I agree completely, some of them are just for props and show and sales. But, picts like I attached in my last post of Dorian and the pict of BigKev in his "Bicep Day" post, these are guys using the equipment and know what they're doing. There are several more out there you can find of actual workout shoots verses a mag spread shoot that shows the use of gloves, straps, belts, etc.


Here's the one's of Ronnie posted before...wearing gloves while working out.

http://www.anabolicreview.com/vbulle...&threadid=4314

----------


## Farmer

> _Originally posted by Manslaughter_ 
> *Okay, to each his own, but here's a question.
> What do all these guys have in common?
> 
> Flex Wheeler
> Dorian Yates
> Melvin Anthony
> Ronnie Coleman
> BigKev
> ...


Don't forget bro, those straps, belts and wraps etc.. have a name on them and whoever is wearing them is gonna get some money when that name comes up in a magazine. Oh btw an example from the "MAN" arnold, he almost trained naked! a pair of shorts and no shoes most the time.

peace

----------


## MrMuscle

I wear gloves on all exercises except deadlifts. i need chalk on that.

----------


## FromFleshtoSteel

i like callouses

----------


## LittleMeth

I always have gloves when lifting. But for dead lifts i like to use straps so my back gives out before my hands do. :Smilie:

----------


## Pitbull

Hi All

I have been lifting for a while and have never used gloves they just feel too un-nutural especially on curling movements . The only thing I use even for heavy deadlifts is resin - yellow crystal that you press to a fine powder in your fingers - just be sure to keep a small steel brush handy to clean the bar aftger your workout as the resin tends to get sticky from the sweat . I think one should keep in mind that all the lifting aids out there are the tools of the trade and that they all have their place and time . It is senseless tom stop a shrug when your grip fails and the traps haven't worked hard enough . Also a tip to remove calouses is to scrape them with an old razor just befor you get out of the bath . The skin is soft and will com off easily.

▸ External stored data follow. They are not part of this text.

(* Let $b(r)$ be a smooth positive function on an open interval of $r>0$ and consider the metric $ds^2=-b^2dt^2+b^{-2}dr^2+r^2(d\theta^2+\sin^2\theta\,d\phi^2)$. Let $\kappa_1,\kappa_2$ be constants, set $\Lambda=-\kappa_1$, $\lambda=-\kappa_2$, and let $$K_{kl}=\kappa_2r^2\,u_ku_l+(\kappa_1+2\kappa_2r^2)g_{kl}-\kappa_2r^2\,\chi_k\chi_l .$$ Then the vacuum conformal Killing gravity equations $R_{kl}-\tfrac12Rg_{kl}=K_{kl}$ hold if and only if there is a constant $M$ such that $$b^2(r)=1-\frac{2M}{r}-\frac{\Lambda}{3}r^2-\frac{\lambda}{5}r^4 .$$
   Context: $u_k$ is the unit timelike covector with components $u_0=-b$ and all others zero; $\chi_k$ is the unit radial covector with $\chi_r=1/b$ and all others zero. $R_{kl}$ is the Ricci tensor and $R$ the scalar curvature. The tensor $K_{kl}$ is the divergence-free conformal Killing tensor $\mathsf A u_ku_l+\mathsf Bg_{kl}+\mathsf C\chi_k\chi_l$ with $\mathsf A=\kappa_2 f_2^2-2\kappa_3 b^2$, $\mathsf B=\kappa_1+2\kappa_2 f_2^2+\kappa_3 b^2$, $\mathsf C=-\kappa_2 f_2^2$, specialized to $f_2=r$ and $\kappa_3=0$ (the case $h=bf_1=1$). *)

theory Defs
  imports "HOL-Analysis.Analysis"
begin

text \<open>Coordinates: points of spacetime are functions x :: nat => real, of which only
  x 0 = t, x 1 = r, x 2 = theta, x 3 = phi matter. Indices range over 0..3.\<close>

type_synonym point = "nat \<Rightarrow> real"
type_synonym metric = "point \<Rightarrow> nat \<Rightarrow> nat \<Rightarrow> real"
(* Let $\boldsymbol{\mathcal{D}} = \begin{pmatrix}\boldsymbol{W}_p\\ \boldsymbol{U}_f \\ \boldsymbol{Y}_f\end{pmatrix}$ be a data matrix with full row rank and LQ decomposition as described in the context. For any $\boldsymbol{a}\in\mathbb{R}^\ell$, let $(\boldsymbol{\xi};\mathbf{u}_f;\mathbf{y}_f) := \boldsymbol{\mathcal{D}}\boldsymbol{a}$ and $\boldsymbol{\gamma}_i:=\boldsymbol{Q}_i\boldsymbol{a}$. Then \begin{align*} \|\boldsymbol{\gamma}_1\|_2^2 &= \|\boldsymbol{\xi}\|_{\left(\boldsymbol{W}_p\boldsymbol{W}_p^\top\right)^{-1}}^2,\\ \|\boldsymbol{\gamma}_2\|_2^2 &= \|\mathbf{u}_f-\boldsymbol{U}_f \boldsymbol{W}_p^+\boldsymbol{\xi}\|_{\boldsymbol{\mathcal{R}}_\text{reg}}^2,\\ \|\boldsymbol{\gamma}_3\|_2^2 &= \|\mathbf{y}_f-\hat{\mathbf{y}}_\text{SPC}(\boldsymbol{\xi}, \mathbf{u}_f)\|_{\boldsymbol{\mathcal{Q}}_\text{reg}}^2, \end{align*} where $\boldsymbol{\mathcal{R}}_\text{reg} :=\left(\boldsymbol{U}_f\left(\boldsymbol{I}-\boldsymbol{W}_p^+\boldsymbol{W}_p\right)\boldsymbol{U}_f^\top\right)^{-1}$, $\boldsymbol{\mathcal{Q}}_\text{reg} :=\left(\boldsymbol{Y}_f (\boldsymbol{I}-\boldsymbol{Z}^+\boldsymbol{Z}) \boldsymbol{Y}_f^\top\right)^{-1}$, $\boldsymbol{Z}:=\begin{pmatrix}\boldsymbol{W}_p\\ \boldsymbol{U}_f\end{pmatrix}$ and $\hat{\mathbf{y}}_\text{SPC}(\boldsymbol{\xi},\mathbf{u}_f) := \boldsymbol{Y}_f\boldsymbol{Z}^+\begin{pmatrix}\boldsymbol{\xi}\\ \mathbf{u}_f\end{pmatrix}$. Moreover, $\boldsymbol{\gamma}_4$ does not affect $(\boldsymbol{\xi},\mathbf{u}_f,\mathbf{y}_f)$.
   Context: $\boldsymbol{M}^+$ denotes the Moore–Penrose pseudoinverse and $\|\boldsymbol{x}\|_{\boldsymbol{M}}^2 := \boldsymbol{x}^\top\boldsymbol{M}\boldsymbol{x}$. Data: $m$ inputs, $p$ outputs, past horizon $N_p$, future horizon $N_f$, $L=N_p+N_f$, and $\ell$ data trajectories. The data matrix $\boldsymbol{\mathcal{D}}\in\mathbb{R}^{L(m+p)\times\ell}$ has blocks $\boldsymbol{W}_p\in\mathbb{R}^{N_p(m+p)\times\ell}$, $\boldsymbol{U}_f\in\mathbb{R}^{mN_f\times \ell}$, $\boldsymbol{Y}_f\in\mathbb{R}^{pN_f\times\ell}$ and is assumed to have full row rank. Its LQ decomposition is $\boldsymbol{\mathcal{D}} = \begin{pmatrix} \boldsymbol{L}_{11} & \boldsymbol{0} & \boldsymbol{0} & \boldsymbol{0} \\ \boldsymbol{L}_{21} & \boldsymbol{L}_{22} & \boldsymbol{0} & \boldsymbol{0} \\ \boldsymbol{L}_{31} & \boldsymbol{L}_{32} & \boldsymbol{L}_{33} & \boldsymbol{0} \end{pmatrix}\begin{pmatrix}\boldsymbol{Q}_1\\ \boldsymbol{Q}_2\\ \boldsymbol{Q}_3\\ \boldsymbol{Q}_4\end{pmatrix}$, with non-singular square diagonal blocks $\boldsymbol{L}_{11},\boldsymbol{L}_{22},\boldsymbol{L}_{33}$ (of sizes matching $\boldsymbol{W}_p,\boldsymbol{U}_f,\boldsymbol{Y}_f$) and $\boldsymbol{Q}=\begin{pmatrix}\boldsymbol{Q}_1^\top & \boldsymbol{Q}_2^\top&\boldsymbol{Q}_3^\top&\boldsymbol{Q}_4^\top\end{pmatrix}^\top\in\mathbb{R}^{\ell\times\ell}$ orthogonal (so $\boldsymbol{Q}_i\boldsymbol{Q}_i^\top=\boldsymbol{I}$ and $\boldsymbol{Q}_i\boldsymbol{Q}_j^\top=\boldsymbol{0}$ for $i\ne j$). *)

theory Defs
  imports "HOL-Analysis.Analysis"
begin

definition vstack :: "real^'n^'a \<Rightarrow> real^'n^'b \<Rightarrow> real^'n^('a + 'b)" where
  "vstack A B = (\<chi> i. case i of Inl j \<Rightarrow> A $ j | Inr j \<Rightarrow> B $ j)"

definition vjoin :: "real^'a \<Rightarrow> real^'b \<Rightarrow> real^('a + 'b)" where
  "vjoin x y = (\<chi> i. case i of Inl j \<Rightarrow> x $ j | Inr j \<Rightarrow> y $ j)"

text \<open>Moore-Penrose pseudoinverse, defined by the four Penrose conditions
  (it exists and is unique).\<close>
definition is_pinv :: "real^'n^'m \<Rightarrow> real^'m^'n \<Rightarrow> bool" where
  "is_pinv A X \<longleftrightarrow> A ** X ** A = A \<and> X ** A ** X = X \<and>
     transpose (A ** X) = A ** X \<and> transpose (X ** A) = X ** A"

definition pinv :: "real^'n^'m \<Rightarrow> real^'m^'n" where
  "pinv A = (SOME X. is_pinv A X)"

definition wnorm2 :: "real^'n \<Rightarrow> real^'n^'n \<Rightarrow> real" where
  "wnorm2 x M = x \<bullet> (M *v x)"

end

theory Submission
  imports Defs
begin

Apply some cream afterward and you'll never have to worry about the ladies complaining

----------


## Steak Helmet

I occasionally use power grips. Other than that if the bar is slick, I grab some chalk. 


But usually nothing.

----------


## Sema

Never used something to lift dumbells and barbells. However, lately, the heavier i go, the more cramps i get in my handpalms when doing the dumbells.
So i'm considering gloves now, is there anyone who can give me some advice whether they would make the cramps less or give support to my hands ?
Thanks very much

greetz and respect
Semark

----------


## freakout

Wearing gloves do not make you look gay ... shaking your backside while lifting weights do!!!

 :LOL:  

Opps!!

I wear gloves...not all the time.. sometimes I agree they provide hindrances than help but to me they do provide a good grip sometimes..

I still have a rough skin on my hands...thus the only help gloves provide for me is grip(by the way, the gyms here in my country do not have wraps or chalk for sale....so gloves or straps are the next alternatives...)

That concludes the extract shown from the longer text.